In a recent investigation, diverse A. vulgaris L. plants were gathered from Tangyin County, Henan Province (59). Subsequently, A. vulgaris L. leaf extracts underwent screening for anti-HSV-1 activity. The plaque reduction test revealed that the A. vulgaris L. crude extract (Fr.8.3) demonstrated inhibitory activity against HSV-1. This finding was further confirmed through assessment at the DNA, RNA, and protein levels. Mechanistic exploration indicated that Fr.8.3 achieved its anti-HSV-1 activity by interacting directly with the virus (Table 2) (59).

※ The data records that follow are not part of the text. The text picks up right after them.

(* Let $M\subseteq\mathbb{C}^n$ and $S\subseteq\mathbb{C}^n$ be complex domains endowed with rotation invariant Kähler forms $\omega_\Phi$ and $\omega_\Xi$ with associated functions $\tilde\Phi:\tilde M\to\mathbb{R}$ and $\tilde\Xi:\tilde S\to\mathbb{R}$ respectively. A special map $\Psi:M\to S$, $\Psi(z)=(\tilde\psi_1(x)z_1,\dots,\tilde\psi_n(x)z_n)$, satisfies $\Psi^*(\omega_\Xi)=\omega_\Phi$ if and only if there exist constants $c_k\in\mathbb{R}$ such that on $\tilde M$ $$\tilde\psi_k^2\,\frac{\partial\tilde\Xi}{\partial x_k}(\tilde\psi_1^2x_1,\dots,\tilde\psi_n^2x_n)=\frac{\partial\tilde\Phi}{\partial x_k}+\frac{c_k}{x_k},\qquad k=1,\dots,n.$$
   Context: Let $z_1,\dots,z_n$ be the standard complex coordinates on $\mathbb{C}^n$ and $x_j=|z_j|^2$. For a domain $M\subseteq\mathbb{C}^n$ set $\tilde M=\{x\in\mathbb{R}^n:\ x_j=|z_j|^2,\ z\in M\}$ (similarly $\tilde S$). A Kähler form $\omega_\Phi=\frac{i}{2}\partial\bar\partial\Phi$ on $M$ ($\Phi$ smooth real) is rotation invariant with associated function $\tilde\Phi$ if $\tilde\Phi:\tilde M\to\mathbb{R}$ is smooth and $\Phi(z)=\tilde\Phi(|z_1|^2,\dots,|z_n|^2)$. A special map $\Psi:M\to S$ is a smooth map of the form $\Psi(z)=(\tilde\psi_1(x)z_1,\dots,\tilde\psi_n(x)z_n)$ with $\tilde\psi_j:\tilde M\to\mathbb{R}$ real functions. *)

theory Defs
  imports "HOL-Analysis.Analysis"
begin

text \<open>Points of C^n are modelled as complex^'n, points of R^n as real^'n
  (n = CARD('n), arbitrary and fixed).\<close>

definition is_domain :: "'a::topological_space set \<Rightarrow> bool" where
  "is_domain U \<longleftrightarrow> open U \<and> connected U \<and> U \<noteq> {}"

fun Ck_on :: "nat \<Rightarrow> 'a::real_normed_vector set \<Rightarrow> ('a \<Rightarrow> 'b::real_normed_vector) \<Rightarrow> bool" where
  "Ck_on 0 U f \<longleftrightarrow> continuous_on U f"
| "Ck_on (Suc k) U f \<longleftrightarrow> f differentiable_on U \<and>
      (\<forall>v. Ck_on k U (\<lambda>x. frechet_derivative f (at x) v))"

definition smooth_on :: "'a::real_normed_vector set \<Rightarrow> ('a \<Rightarrow> 'b::real_normed_vector) \<Rightarrow> bool" where
  "smooth_on U f \<longleftrightarrow> (\<forall>k. Ck_on k U f)"

definition smooth_on_set :: "'a::real_normed_vector set \<Rightarrow> ('a \<Rightarrow> 'b::real_normed_vector) \<Rightarrow> bool" where
  "smooth_on_set A f \<longleftrightarrow> (\<exists>U g. open U \<and> A \<subseteq> U \<and> smooth_on U g \<and> (\<forall>x\<in>A. g x = f x))"

definition sqmod :: "complex^'n \<Rightarrow> real^'n" where
  "sqmod z = (\<chi> j. (cmod (z $ j))\<^sup>2)"

definition tilde :: "(complex^'n) set \<Rightarrow> (real^'n) set" where
  "tilde M = sqmod ` M"

definition rot_inv_assoc :: "(complex^'n) set \<Rightarrow> (complex^'n \<Rightarrow> real) \<Rightarrow> (real^'n \<Rightarrow> real) \<Rightarrow> bool" where
  "rot_inv_assoc M Phi Phit \<longleftrightarrow> smooth_on_set (tilde M) Phit \<and> (\<forall>z\<in>M. Phi z = Phit (sqmod z))"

In a separate study, it was established that A. argyi leaves (AEE) exhibit robust antiviral efficacy against both conventional and acyclovir (ACV)-resistant HSV-1 strains (60). AEE also impeded the invasion of HSV-2, influenza virus, and rotavirus. Further analysis revealed AEE’s disruption of HSV-1 viral particle membranes, resulting in compromised viral attachment and penetration. Furthermore, a mass spectrometry assessment identified 12 primary constituents of AEE. Notably, two newly identified flavones, 3,7-dihydroxy-3′,4ʹ-dimethoxyflavone and deoxysappanone B 7,3ʹ-dimethyl ether, displayed superior binding affinity to glycoprotein gB. This suggests their potential role in virion inactivation. Consequently, A. argyi emerges as a crucial source of antiviral drugs, with AEE representing a promising novel agent against HSV-1 infection (60).
CONCLUSION
In summary, the extensive review of Artemisia’s antiviral potential against a spectrum of viruses, including SARS-CoV-2, human and avian influenza viruses, HIV, HBV, and HSV, underscores its significant role as a promising therapeutic resource. The diverse bioactive compounds present in various Artemisia species exhibit remarkable inhibitory effects on viral replication and infection across multiple stages of the viral life cycle.
Artemisia’s efficacy in combating viral diseases is supported by compelling evidence from in vitro and in vivo studies. The nuanced mechanisms of action, such as interference with viral entry, transcriptional inhibition, and modulation of host immune responses, contribute to its broad-spectrum antiviral activity. These findings reinforce the potential of Artemisia-derived compounds as valuable candidates for antiviral drug development.
Despite the wealth of research, certain gaps persist. Further elucidation of specific molecular interactions, optimization of compound formulations, and comprehensive understanding of Artemisia’s effects on host factors during viral infections are areas warranting focused investigation. Standardized methodologies and comparative studies across Artemisia species can enhance our comprehension of their differential antiviral activities.
Artemisia stands at the forefront of antiviral research, poised for continued exploration and innovation. Collaborative efforts between virologists, pharmacologists, and botanists are crucial for unlocking the full therapeutic potential of Artemisia against emerging and established viral threats. Clinical trials and translational research are pivotal steps toward establishing the safety and efficacy of Artemisia-derived compounds, paving the way for their integration into mainstream antiviral therapeutics.